Here are the code snippets:
Contact_Conference_Invitation.php
namespace Ahsio\StackBundle\Entity;
use Doctrine\ORM\Mapping as ORM;
/**
* #ORM\Entity
*/
class Contact_Conference_Invitation
{
/**
* #ORM\Id
* #ORM\ManyToOne(targetEntity="Ahsio\StackBundle\Entity\Contact")
*/
private $contact;
/**
* #ORM\Id
* #ORM\ManyToOne(targetEntity="Ahsio\StackBundle\Entity\Conference")
*/
private $conference;
/**
* #var datetime dateInvitation
*
* #ORM\Column(name="dateInvitation", type="datetime")
*/
private $dateInvitation;
//Getters and setters
}
Contact.php
namespace Ahsio\StackBundle\Entity;
use Doctrine\ORM\Mapping as ORM;
/**
* #ORM\Entity
*/
class Contact
{
/**
* #ORM\Id
* #ORM\Column(type="integer")
* #ORM\GeneratedValue(strategy="AUTO")
*/
protected $id;
/**
* #param $id
*/
public function setId($id)
{
$this->id = $id;
}
/**
* Get id
*
* #return integer
*/
public function getId()
{
return $this->id;
}
}
Conference.php
namespace Ahsio\StackBundle\Entity;
use Doctrine\ORM\Mapping as ORM;
/**
* #ORM\Entity
*/
class Conference
{
/**
* #ORM\Id
* #ORM\Column(type="integer")
* #ORM\GeneratedValue(strategy="AUTO")
*/
protected $id;
/**
* #param $id
*/
public function setId($id)
{
$this->id = $id;
}
/**
* Get id
*
* #return integer
*/
public function getId()
{
return $this->id;
}
}
Here are the generated tables:
NB: I used a specific namespace for the entities generation to work fine, you need to change them.

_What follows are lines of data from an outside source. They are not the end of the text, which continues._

(* For every $n\ge1$, the $\{\mathbf{3},\mathbf{2}+\mathbf{2}\}$-free naturally labelled posets on $[n]$ are in bijection with the labelled binary words of length $n$ satisfying all of the following: (1) the first letter is $\mathsf0$; (2) whenever two consecutive letters are both $\mathsf0$, their labels are decreasing; (3) whenever two consecutive letters are both $\mathsf1$, their labels are increasing; (4) the label of every $\mathsf1$ is greater than the labels of all $\mathsf0$s occurring earlier in the word.
   Context: A partial order $\preceq$ on $[n]$ is naturally labelled if $x\prec y$ implies $x<y$. It is $\mathbf{3}$-free if there are no $x\prec y\prec z$. It is $(\mathbf{2}+\mathbf{2})$-free if it has no induced subposet consisting of two disjoint $2$-element chains, i.e. no distinct $i\prec j$, $k\prec\ell$ with each of $i,j$ incomparable to each of $k,\ell$. A labelled binary word of length $n$ is a word $w_1\cdots w_n$ over $\{\mathsf0,\mathsf1\}$ together with a bijective assignment of labels from $[n]$ to its positions. *)

theory Defs
  imports Main
begin

text \<open>A partial order on [n] = {1..n}, given as its (reflexive) order relation
  \<open>P \<subseteq> {1..n} \<times> {1..n}\<close>; \<open>(x,y) \<in> P\<close> means x \<preceq> y.\<close>
definition partial_order_on_n :: "nat \<Rightarrow> (nat \<times> nat) set \<Rightarrow> bool" where
  "partial_order_on_n n P \<longleftrightarrow>
     P \<subseteq> {1..n} \<times> {1..n} \<and>
     (\<forall>x\<in>{1..n}. (x, x) \<in> P) \<and>
     (\<forall>x y. (x, y) \<in> P \<and> (y, x) \<in> P \<longrightarrow> x = y) \<and>
     (\<forall>x y z. (x, y) \<in> P \<and> (y, z) \<in> P \<longrightarrow> (x, z) \<in> P)"

definition strict :: "(nat \<times> nat) set \<Rightarrow> nat \<Rightarrow> nat \<Rightarrow> bool" where
  "strict P x y \<longleftrightarrow> (x, y) \<in> P \<and> x \<noteq> y"

definition incomparable :: "(nat \<times> nat) set \<Rightarrow> nat \<Rightarrow> nat \<Rightarrow> bool" where
  "incomparable P x y \<longleftrightarrow> (x, y) \<notin> P \<and> (y, x) \<notin> P"

definition naturally_labelled :: "(nat \<times> nat) set \<Rightarrow> bool" where
  "naturally_labelled P \<longleftrightarrow> (\<forall>x y. strict P x y \<longrightarrow> x < y)"

definition three_free :: "(nat \<times> nat) set \<Rightarrow> bool" where
  "three_free P \<longleftrightarrow> \<not> (\<exists>x y z. strict P x y \<and> strict P y z)"

definition two_two_free :: "(nat \<times> nat) set \<Rightarrow> bool" where
  "two_two_free P \<longleftrightarrow> \<not> (\<exists>i j k l. distinct [i, j, k, l] \<and> strict P i j \<and> strict P k l \<and>
      incomparable P i k \<and> incomparable P i l \<and> incomparable P j k \<and> incomparable P j l)"

definition free_posets :: "nat \<Rightarrow> (nat \<times> nat) set set" where
  "free_posets n = {P. partial_order_on_n n P \<and> naturally_labelled P \<and> three_free P \<and> two_two_free P}"

datatype letter = L0 | L1

definition labelled_word :: "nat \<Rightarrow> (letter \<times> nat) list \<Rightarrow> bool" where
  "labelled_word n w \<longleftrightarrow> length w = n \<and> distinct (map snd w) \<and> set (map snd w) = {1..n}"

definition good_word :: "nat \<Rightarrow> (letter \<times> nat) list \<Rightarrow> bool" where
  "good_word n w \<longleftrightarrow> labelled_word n w \<and>
     fst (w ! 0) = L0 \<and>
     (\<forall>i. i + 1 < length w \<and> fst (w ! i) = L0 \<and> fst (w ! (i+1)) = L0 \<longrightarrow> snd (w ! i) > snd (w ! (i+1))) \<and>
     (\<forall>i. i + 1 < length w \<and> fst (w ! i) = L1 \<and> fst (w ! (i+1)) = L1 \<longrightarrow> snd (w ! i) < snd (w ! (i+1))) \<and>
     (\<forall>i j. i < j \<and> j < length w \<and> fst (w ! i) = L0 \<and> fst (w ! j) = L1 \<longrightarrow> snd (w ! i) < snd (w ! j))"

definition good_words :: "nat \<Rightarrow> (letter \<times> nat) list set" where
  "good_words n = {w. good_word n w}"

end

theory Submission
  imports Defs
begin

text \<open>
  In a 3-free poset every element either has nothing strictly below it (a bottom, letter 0)
  or has something strictly below it (a top, letter 1), and \<open>x \<prec> y\<close> forces \<open>x\<close> to be a
  bottom and \<open>y\<close> a top. Being (2+2)-free says precisely that the strict up-sets of the bottoms, and the strict
  down-sets of the tops, are totally ordered by inclusion. Hence the following is a linear
  order: a bottom precedes a top iff it lies below it, bottoms with larger up-sets come first,
  tops with smaller down-sets come first, and ties are broken by the labels (decreasing for
  bottoms, increasing for tops). Listing the elements in this order, each with its letter,
  gives the word. Conversely a word determines the poset in which each 0 lies below every later 1,
  and the conditions on a good word say exactly that its labels appear in the above order.
\<close>

lemma psubset_lex_trans:
  fixes a b c :: "'b::order"
  assumes "A \<subset> B \<or> (A = B \<and> a < b)" "B \<subset> C \<or> (B = C \<and> b < c)"
  shows "A \<subset> C \<or> (A = C \<and> a < c)"
  using assms by (metis order.strict_trans psubset_trans)

lemma psubset_lex_total:
  fixes a b :: "'b::linorder"
  assumes "A \<subseteq> B \<or> B \<subseteq> A" "a \<noteq> b"
  shows "(A \<subset> B \<or> (A = B \<and> a < b)) \<or> (B \<subset> A \<or> (B = A \<and> b < a))"
  using assms by (metis linorder_neqE psubset_eq)

lemma transp_consecutive:
  assumes "transp Q" "i < j" "\<And>k. i \<le> k \<Longrightarrow> k < j \<Longrightarrow> Q (f k) (f (Suc k))"
  shows "Q (f i) (f j)"
  using assms(2,3)
proof (induction j)
  case (Suc j)
  have "Q (f j) (f (Suc j))"
    using Suc.prems by simp
  moreover have "i = j \<or> Q (f i) (f j)"
    using Suc.IH Suc.prems less_Suc_eq by auto
  ultimately show ?case
    using assms(1) by (metis transpD)
qed simp

lemma sorted_wrt_nth_iff_less:
  assumes "sorted_wrt Q xs" "\<And>a b. Q a b \<Longrightarrow> \<not> Q b a" "i < length xs" "j < length xs"
  shows "Q (xs!i) (xs!j) \<longleftrightarrow> i < j"
  using assms sorted_wrt_nth_less by (metis linorder_neqE_nat)

definition word_poset :: "(letter \<times> nat) list \<Rightarrow> (nat \<times> nat) set" where
  "word_poset w = {(snd (w!i), snd (w!j)) | i j. i < length w \<and> j < length w \<and>
     (i = j \<or> (i < j \<and> fst (w!i) = L0 \<and> fst (w!j) = L1))}"

lemma label_eq_iff_index_eq:
  assumes "distinct (map snd w)" "i < length w" "j < length w"
  shows "snd (w!i) = snd (w!j) \<longleftrightarrow> i = j"
  using nth_eq_iff_index_eq[of "map snd w" i j] assms by simp

lemma strict_word_poset_iff:
  assumes "distinct (map snd w)"
  shows "strict (word_poset w) x y \<longleftrightarrow>
    (\<exists>i j. i < j \<and> j < length w \<and> w!i = (L0, x) \<and> w!j = (L1, y))"
proof
  assume "strict (word_poset w) x y"
  then obtain i j where "x = snd (w!i)" "y = snd (w!j)" "i < length w" "j < length w"
    "i = j \<or> (i < j \<and> fst (w!i) = L0 \<and> fst (w!j) = L1)" "x \<noteq> y"
    unfolding strict_def word_poset_def by blast
  then show "\<exists>i j. i < j \<and> j < length w \<and> w!i = (L0, x) \<and> w!j = (L1, y)"
    by (metis prod.collapse)
next
  assume "\<exists>i j. i < j \<and> j < length w \<and> w!i = (L0, x) \<and> w!j = (L1, y)"
  then obtain i j where ij: "i < j" "j < length w" "w!i = (L0, x)" "w!j = (L1, y)"
    by blast
  then have "x \<noteq> y"
    using label_eq_iff_index_eq[OF assms, of i j] by auto
  moreover have "(x, y) \<in> word_poset w"
    unfolding word_poset_def using ij by (intro CollectI exI[of _ i] exI[of _ j]) auto
  ultimately show "strict (word_poset w) x y"
    unfolding strict_def by simp
qed

lemma strict_word_poset_nth_iff:
  assumes "distinct (map snd w)" "i < length w" "j < length w"
  shows "strict (word_poset w) (snd (w!i)) (snd (w!j)) \<longleftrightarrow>
    i < j \<and> fst (w!i) = L0 \<and> fst (w!j) = L1"
proof
  assume "strict (word_poset w) (snd (w!i)) (snd (w!j))"
  then obtain k l where kl: "k < l" "l < length w" "w!k = (L0, snd (w!i))" "w!l = (L1, snd (w!j))"
    unfolding strict_word_poset_iff[OF assms(1)] by blast
  moreover have "k = i"
    using kl label_eq_iff_index_eq[OF assms(1), of k i] assms(2) by simp
  moreover have "l = j"
    using kl label_eq_iff_index_eq[OF assms(1), of l j] assms(3) by simp
  ultimately show "i < j \<and> fst (w!i) = L0 \<and> fst (w!j) = L1"
    by (metis fst_conv)
next
  assume "i < j \<and> fst (w!i) = L0 \<and> fst (w!j) = L1"
  then show "strict (word_poset w) (snd (w!i)) (snd (w!j))"
    unfolding strict_word_poset_iff[OF assms(1)] using assms(3)
    by (intro exI[of _ i] exI[of _ j]) (auto simp: prod_eq_iff)
qed

lemma mem_word_poset_iff:
  "(x, y) \<in> word_poset w \<longleftrightarrow> (x = y \<and> x \<in> set (map snd w)) \<or> strict (word_poset w) x y"
proof -
  have "(x, x) \<in> word_poset w \<longleftrightarrow> x \<in> set (map snd w)"
    unfolding word_poset_def by (force simp: in_set_conv_nth)
  then show ?thesis
    unfolding strict_def by auto
qed

lemma word_poset_no_chain:
  assumes "distinct (map snd w)" "strict (word_poset w) x y" "strict (word_poset w) y z"
  shows False
proof -
  obtain j k where "j < length w" "w!j = (L1, y)" "k < length w" "w!k = (L0, y)"
    using assms(2,3) unfolding strict_word_poset_iff[OF assms(1)] by (meson order.strict_trans)
  then show False
    using label_eq_iff_index_eq[OF assms(1), of j k] by auto
qed

lemma two_two_free_word_poset:
  assumes "distinct (map snd w)"
  shows "two_two_free (word_poset w)"
  unfolding two_two_free_def
proof (intro notI, elim exE conjE)
  let ?P = "word_poset w"
  fix x y u v
  assume "distinct [x, y, u, v]" "strict ?P x y" "strict ?P u v"
    "incomparable ?P x v" "incomparable ?P y u"
  from \<open>strict ?P x y\<close> obtain i j where
    xy: "i < j" "j < length w" "w!i = (L0, x)" "w!j = (L1, y)"
    unfolding strict_word_poset_iff[OF assms] by blast
  from \<open>strict ?P u v\<close> obtain k l where
    uv: "k < l" "l < length w" "w!k = (L0, u)" "w!l = (L1, v)"
    unfolding strict_word_poset_iff[OF assms] by blast
  text \<open>Whichever of the two 0s comes first lies below the 1 of the other chain.\<close>
  have "\<not> i < k"
  proof
    assume "i < k"
    then have "strict ?P x v"
      unfolding strict_word_poset_iff[OF assms] using xy uv by (intro exI[of _ i] exI[of _ l]) auto
    then show False
      using \<open>incomparable ?P x v\<close> unfolding incomparable_def strict_def by blast
  qed
  moreover have "\<not> k < i"
  proof
    assume "k < i"
    then have "strict ?P u y"
      unfolding strict_word_poset_iff[OF assms] using xy uv by (intro exI[of _ k] exI[of _ j]) auto
    then show False
      using \<open>incomparable ?P y u\<close> unfolding incomparable_def strict_def by blast
  qed
  moreover have "i \<noteq> k"
    using \<open>distinct [x, y, u, v]\<close> xy uv by auto
  ultimately show False
    by simp
qed
(* (i) Let $J:\tilde{\mathcal{A}}_{\mathbf{k}_0}\to\tilde{\mathcal{A}}_{\mathbf{k}_0}$ be a linear map for which there are complex numbers $c_{\mathbf{j};\mathbf{p}}$ ($\mathbf{j}\ge\mathbf{k}_0$, $\mathbf{p}\in\mathbb{N}^M\setminus\{\mathbf 0\}$) such that for every $\tilde S\in\tilde{\mathcal{A}}_{\mathbf{k}_0}$ and every representation $\tilde S=\sum_{\mathbf{j}\ge\mathbf{k}_0}c_{\mathbf{j}}\mu_{\mathbf{j}}$ one has $J\tilde S=\sum_{\mathbf{j}\ge\mathbf{k}_0}c_{\mathbf{j}}\sum_{\mathbf{p}\in\mathbb{N}^M\setminus\{0\}}c_{\mathbf{j};\mathbf{p}}\mu_{\mathbf{j}+\mathbf{p}}$. Then for every $\tilde S_0\in\tilde{\mathcal{A}}_{\mathbf{k}_0}$ the equation $\tilde S=J\tilde S+\tilde S_0$ has a unique solution $\tilde S\in\tilde{\mathcal{A}}_{\mathbf{k}_0}$. (ii) Let $A\subset\tilde{\mathcal{A}}_{\mathbf{k}_0}$ be nonempty and closed in the asymptotic topology, and let $J:A\to A$ (linear or not) be asymptotically contractive on $A$. Then the equation $\tilde S=J(\tilde S)$ has a unique solution $\tilde S\in A$.
   Context: $(\mathcal{G},\cdot,\le)$ is a totally ordered abelian group (order compatible with multiplication). Fix $M\ge1$, $\mu_1,\dots,\mu_M\in\mathcal{G}$ with $\mu_i<1$, $\mu_{\mathbf{k}}=\prod_i\mu_i^{k_i}$ for $\mathbf{k}\in\mathbb{Z}^M$; $\mathbb{Z}^M$ has the componentwise order. For $\mathbf{k}_0\in\mathbb{Z}^M$, $\tilde{\mathcal{A}}_{\mathbf{k}_0}$ is the set of formal sums $\sum_{\mathbf{k}\ge\mathbf{k}_0}c_{\mathbf{k}}\mu_{\mathbf{k}}$ ($c_{\mathbf{k}}\in\mathbb{C}$), two formal sums being identified iff for each $g\in\mathcal{G}$ the finite sums $\sum_{\mathbf{k}\ge\mathbf{k}_0,\mu_{\mathbf{k}}=g}c_{\mathbf{k}}$ coincide (the coefficient of $g$); addition is coefficientwise. A formal expression $\sum_{\mathbf{k}\ge\mathbf{k}_0}\sum_{\mathbf{p}\in\mathbb{N}^M\setminus\{0\}}a_{\mathbf{k},\mathbf{p}}\mu_{\mathbf{k}+\mathbf{p}}$ denotes the element whose coefficient of $g$ is the (finite) sum of $a_{\mathbf{k},\mathbf{p}}$ over $\mu_{\mathbf{k}+\mathbf{p}}=g$. Asymptotic topology: a sequence converges iff for each $g\in\mathcal{G}$ its coefficient of $g$ is eventually constant; closed means sequentially closed. A map $J:A\to A$ is asymptotically contractive on $A$ if for all $f_1,f_2\in A$ and every representation $f_1-f_2=\sum_{\mathbf{k}\ge\mathbf{k}_0}c_{\mathbf{k}}\mu_{\mathbf{k}}$ there exist complex numbers $C_{\mathbf{k};\mathbf{p}}$ ($\mathbf{k}\ge\mathbf{k}_0$, $\mathbf{p}\in\mathbb{N}^M\setminus\{0\}$), possibly depending on $f_1,f_2$, such that $J(f_1)-J(f_2)=\sum_{\mathbf{k}\ge\mathbf{k}_0}c_{\mathbf{k}}\sum_{\mathbf{p}\in\mathbb{N}^M\setminus\{0\}}C_{\mathbf{k};\mathbf{p}}\mu_{\mathbf{k}+\mathbf{p}}$. *)

theory Defs
  imports Complex_Main
begin
(* Let $N$ be a phylogenetic network with $k$ reticulations at the top. Then there is a sequence of at most $k$ valid head moves transforming $N$ into a network with $k$ reticulations neatly at the top, such that the part of the network below the nodes $a_k$ and $b_k$ is not altered.
   Context: A (binary) phylogenetic network on a finite label set $X$ ($|X|\ge 2$) is a directed acyclic graph without parallel edges having exactly one root (indegree 0, outdegree 1), exactly $|X|$ leaves (indegree 1, outdegree 0) bijectively labelled by $X$, and all other nodes are either split nodes (indegree 1, outdegree 2) or reticulations (indegree 2, outdegree 1). A network has $k$ reticulations at the top if it contains: the child $c$ of the root; nodes $a_i,b_i$ and an edge $(a_i,b_i)$ for each $i\in\{1,\dots,k\}$; edges $(c,a_1)$ and $(c,b_1)$; and for each $i\in\{1,\dots,k-1\}$ either the edges $(a_i,a_{i+1})$ and $(b_i,b_{i+1})$, or the edges $(a_i,b_{i+1})$ and $(b_i,a_{i+1})$. It has $k$ reticulations neatly at the top if moreover for every $i\in\{1,\dots,k-1\}$ the edges $(a_i,a_{i+1})$ and $(b_i,b_{i+1})$ are present. Subdividing an edge $(a,b)$ means replacing it by a new node $x$ and edges $(a,x),(x,b)$; suppressing an indegree-1 outdegree-1 node $x$ with parent $a$ and child $b$ means deleting $x$ and its edges and adding $(a,b)$. Head move of $(u,v)$ ($v$ a reticulation) to an edge $f$: delete $(u,v)$, subdivide $f$ with new node $v'$, suppress $v$, add $(u,v')$; valid only if the result is a phylogenetic network. *)

theory Defs
  imports Main
begin

text \<open>A network is represented by its (finite) set of directed edges; its nodes are the
endpoints of edges (every node of a phylogenetic network with at least two leaves is
incident to some edge).\<close>

definition verts :: "('v \<times> 'v) set \<Rightarrow> 'v set" where
  "verts E = fst ` E \<union> snd ` E"

definition indeg :: "('v \<times> 'v) set \<Rightarrow> 'v \<Rightarrow> nat" where
  "indeg E v = card {u. (u, v) \<in> E}"

definition outdeg :: "('v \<times> 'v) set \<Rightarrow> 'v \<Rightarrow> nat" where
  "outdeg E v = card {w. (v, w) \<in> E}"

definition is_root :: "('v \<times> 'v) set \<Rightarrow> 'v \<Rightarrow> bool" where
  "is_root E v \<longleftrightarrow> v \<in> verts E \<and> indeg E v = 0 \<and> outdeg E v = 1"

definition is_leaf :: "('v \<times> 'v) set \<Rightarrow> 'v \<Rightarrow> bool" where
  "is_leaf E v \<longleftrightarrow> v \<in> verts E \<and> indeg E v = 1 \<and> outdeg E v = 0"

definition is_split :: "('v \<times> 'v) set \<Rightarrow> 'v \<Rightarrow> bool" where
  "is_split E v \<longleftrightarrow> v \<in> verts E \<and> indeg E v = 1 \<and> outdeg E v = 2"

definition is_ret :: "('v \<times> 'v) set \<Rightarrow> 'v \<Rightarrow> bool" where
  "is_ret E v \<longleftrightarrow> v \<in> verts E \<and> indeg E v = 2 \<and> outdeg E v = 1"

definition phylo_net :: "'x set \<Rightarrow> ('v \<Rightarrow> 'x) \<Rightarrow> ('v \<times> 'v) set \<Rightarrow> bool" where
  "phylo_net X lab E \<longleftrightarrow>
     finite E \<and> finite X \<and> card X \<ge> 2 \<and> acyclic E \<and>
     card {v. is_root E v} = 1 \<and>
     (\<forall>v \<in> verts E. is_root E v \<or> is_leaf E v \<or> is_split E v \<or> is_ret E v) \<and>
     bij_betw lab {v. is_leaf E v} X"

text \<open>Head move of (u,v) to f = (x,y), using new node v'. p and c are the (unique)
parent and child of v after deleting (u,v) and subdividing f; v is then suppressed.
The move is literal: delete (u,v); subdivide f with v'; suppress v; add (u,v').
Parallel edges must not arise.\<close>
definition head_move :: "('v \<times> 'v) set \<Rightarrow> ('v \<times> 'v) set \<Rightarrow> bool" where
  "head_move E E' \<longleftrightarrow>
    (\<exists>u v x y v' p c.
       (u, v) \<in> E \<and> is_ret E v \<and> (x, y) \<in> E - {(u, v)} \<and>
       v' \<notin> verts (E - {(u, v)}) \<and>
       (let E1 = E - {(u, v)};
            E2 = (E1 - {(x, y)}) \<union> {(x, v'), (v', y)}
        in {w. (w, v) \<in> E2} = {p} \<and> {w. (v, w) \<in> E2} = {c} \<and>
           (let E3 = (E2 - {(p, v), (v, c)})
            in (p, c) \<notin> E3 \<and> (u, v') \<notin> E3 \<and>
               E' = E3 \<union> {(p, c)} \<union> {(u, v')})))"

definition valid_head_move :: "'x set \<Rightarrow> ('v \<Rightarrow> 'x) \<Rightarrow> ('v \<times> 'v) set \<Rightarrow> ('v \<times> 'v) set \<Rightarrow> bool" where
  "valid_head_move X lab E E' \<longleftrightarrow> head_move E E' \<and> phylo_net X lab E'"

definition top_frame :: "('v \<times> 'v) set \<Rightarrow> nat \<Rightarrow> (nat \<Rightarrow> 'v) \<Rightarrow> (nat \<Rightarrow> 'v) \<Rightarrow> bool" where
  "top_frame E k a b \<longleftrightarrow>
     (\<exists>r c. is_root E r \<and> (r, c) \<in> E \<and> (c, a 1) \<in> E \<and> (c, b 1) \<in> E \<and>
        inj_on a {1..k} \<and> inj_on b {1..k} \<and> a ` {1..k} \<inter> b ` {1..k} = {} \<and>
        c \<notin> a ` {1..k} \<and> c \<notin> b ` {1..k}) \<and>
     (\<forall>i \<in> {1..k}. (a i, b i) \<in> E)"

definition rets_at_top :: "('v \<times> 'v) set \<Rightarrow> nat \<Rightarrow> (nat \<Rightarrow> 'v) \<Rightarrow> (nat \<Rightarrow> 'v) \<Rightarrow> bool" where
  "rets_at_top E k a b \<longleftrightarrow> top_frame E k a b \<and>
     (\<forall>i \<in> {1..<k}. ((a i, a (i+1)) \<in> E \<and> (b i, b (i+1)) \<in> E) \<or>
                     ((a i, b (i+1)) \<in> E \<and> (b i, a (i+1)) \<in> E))"

definition rets_neatly_at_top :: "('v \<times> 'v) set \<Rightarrow> nat \<Rightarrow> (nat \<Rightarrow> 'v) \<Rightarrow> (nat \<Rightarrow> 'v) \<Rightarrow> bool" where
  "rets_neatly_at_top E k a b \<longleftrightarrow> top_frame E k a b \<and>
     (\<forall>i \<in> {1..<k}. (a i, a (i+1)) \<in> E \<and> (b i, b (i+1)) \<in> E)"

definition below :: "('v \<times> 'v) set \<Rightarrow> 'v \<Rightarrow> 'v \<Rightarrow> 'v set" where
  "below E x y = {w. (x, w) \<in> E\<^sup>+ \<or> (y, w) \<in> E\<^sup>+} - {x, y}"

end

theory Submission
  imports Defs
begin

Also don't forget to check that you have automapping enabled.
In your config.yml you should have
doctrine:
orm:
auto_mapping: true
Came across this question because my entities weren't generated as well, this was my issue, it could save some time to people struggling with the same issue.
I don't see the definition of your ManyToMany relation in the sample of code you provided.
As an example, here's a ManyToMany relationship I implemented for a project
Entity Project.php
/**
* #var Provider[]
*
* #ORM\ManyToMany(targetEntity="Provider", mappedBy="projects")
*/
protected $providers = null;
Entity Provider.php
/**
* #var Project[]
*
* #ORM\ManyToMany(targetEntity="Project", inversedBy="providers")
* #ORM\JoinTable(name="PROVIDER_PROJECT")
*/
protected $projects = null;
As you can see, here you define the join table for your ManyToMany relationship.
Of course those entities are specific for my particular project but you get the idea and you can adapt it easily for your needs.